Data under study:
(* Let $\phi_*$ be an irreducible representation of $\mathfrak{su}(2)$ of odd dimension $2\ell+1$ with integer $\ell\ge1$, and set $J_a=\phi_*(\sigma^a/2)$ for $a\in\{x,y,z\}$. Then each of the kernel projectors $K(J_x),K(J_y),K(J_z)$ has rank $1$, and there exist unit vectors $|x\rangle\in\ker J_x$, $|y\rangle\in\ker J_y$, $|z\rangle\in\ker J_z$ such that \[ \langle x|y\rangle=\langle y|z\rangle=\langle z|x\rangle=\begin{cases}\dfrac{(-1)^{\ell/2}}{2^\ell}\dbinom{\ell}{\ell/2}&\text{if $\ell$ is even},\\[2mm] 0&\text{if $\ell$ is odd}.\end{cases} \]
   Context: $K(H)$ is the orthogonal projector onto the kernel of a Hermitian operator $H$. $\sigma^x,\sigma^y,\sigma^z$ are the Pauli matrices, so $[J_x,J_y]=\mathrm iJ_z$ and cyclically. *)

theory Defs
  imports "HOL-Analysis.Analysis"
begin

definition braket :: "complex^'n \<Rightarrow> complex^'n \<Rightarrow> complex" where
  "braket x y = (\<Sum>i\<in>UNIV. cnj (x $ i) * y $ i)"

definition adjoint_mat :: "complex^'n^'m \<Rightarrow> complex^'m^'n" where
  "adjoint_mat A = (\<chi> i j. cnj (A $ j $ i))"

definition hermitian :: "complex^'n^'n \<Rightarrow> bool" where
  "hermitian A \<longleftrightarrow> adjoint_mat A = A"

definition commutator :: "complex^'n^'n \<Rightarrow> complex^'n^'n \<Rightarrow> complex^'n^'n" where
  "commutator A B = A ** B - B ** A"

definition kernel_projector :: "complex^'n^'n \<Rightarrow> complex^'n^'n" where
  "kernel_projector H = (THE P. hermitian P \<and> P ** P = P \<and>
      range (\<lambda>v. P *v v) = {v. H *v v = 0})"

definition csubspace_vec :: "(complex^'n) set \<Rightarrow> bool" where
  "csubspace_vec W \<longleftrightarrow> 0 \<in> W \<and> (\<forall>u\<in>W. \<forall>v\<in>W. u + v \<in> W) \<and> (\<forall>c u. u \<in> W \<longrightarrow> c *s u \<in> W)"

text \<open>A triple (J_x,J_y,J_z) = (phi(sigma^x/2), phi(sigma^y/2), phi(sigma^z/2)) of a
  (unitary) representation phi of su(2): Hermitian generators with [J_x,J_y] = i J_z cyclically.\<close>
definition su2_rep :: "complex^'n^'n \<Rightarrow> complex^'n^'n \<Rightarrow> complex^'n^'n \<Rightarrow> bool" where
  "su2_rep Jx Jy Jz \<longleftrightarrow> hermitian Jx \<and> hermitian Jy \<and> hermitian Jz \<and>
     commutator Jx Jy = mat \<i> ** Jz \<and> commutator Jy Jz = mat \<i> ** Jx \<and>
     commutator Jz Jx = mat \<i> ** Jy"

definition su2_irreducible :: "complex^'n^'n \<Rightarrow> complex^'n^'n \<Rightarrow> complex^'n^'n \<Rightarrow> bool" where
  "su2_irreducible Jx Jy Jz \<longleftrightarrow>
     (\<forall>W. csubspace_vec W \<and> (\<forall>v\<in>W. Jx *v v \<in> W \<and> Jy *v v \<in> W \<and> Jz *v v \<in> W)
          \<longrightarrow> W = {0} \<or> W = UNIV)"

end

theory Submission
  imports Defs "Jordan_Normal_Form.Spectral_Radius" "HOL-Computational_Algebra.Formal_Power_Series"
begin

(* Lowering a highest-weight vector e_0 of J_z gives J_z-eigenvectors e_k = J_-^k e_0 of weight
   l - k. They are orthogonal, and irreducibility makes e_0, ..., e_2l a basis, so ker J_z is spanned
   by e_l; by the cyclic symmetry of the commutation relations ker J_x and ker J_y are lines too.
   Writing J_x and J_y through J_+ and J_-, the coefficients <e_k|v> of a kernel vector v of J_x or
   J_y obey a two-step recurrence: they vanish for odd k and agree up to the sign (-1)^(k/2) for
   even k. By Parseval's identity the overlaps become convolutions of the central binomial
   coefficients binom(2m,m), with and without the sign (-1)^m, which the generating function
   (1 - 4X)^(-1/2) evaluates to 4^l and to 2^l binom(l,l/2) (for even l; 0 for odd l). Normalising
   the kernel vectors and choosing their signs then makes the three overlaps equal. *)

(* Jordan_Normal_Form is needed only for the existence of eigenvalues; its vector indexing
   would clash with that of Finite_Cartesian_Product. *)
no_notation Matrix.vec_index (infixl "$" 100)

Exercise: All lines above from the one with "y = (\<Sum>i\<in>UNIV." to the one with "range (\<lambda>v. P", inclusive, should be copied exactly, and no other lines.

Your response:
  "braket x y = (\<Sum>i\<in>UNIV. cnj (x $ i) * y $ i)"

definition adjoint_mat :: "complex^'n^'m \<Rightarrow> complex^'m^'n" where
  "adjoint_mat A = (\<chi> i j. cnj (A $ j $ i))"

definition hermitian :: "complex^'n^'n \<Rightarrow> bool" where
  "hermitian A \<longleftrightarrow> adjoint_mat A = A"

definition commutator :: "complex^'n^'n \<Rightarrow> complex^'n^'n \<Rightarrow> complex^'n^'n" where
  "commutator A B = A ** B - B ** A"

definition kernel_projector :: "complex^'n^'n \<Rightarrow> complex^'n^'n" where
  "kernel_projector H = (THE P. hermitian P \<and> P ** P = P \<and>
      range (\<lambda>v. P *v v) = {v. H *v v = 0})"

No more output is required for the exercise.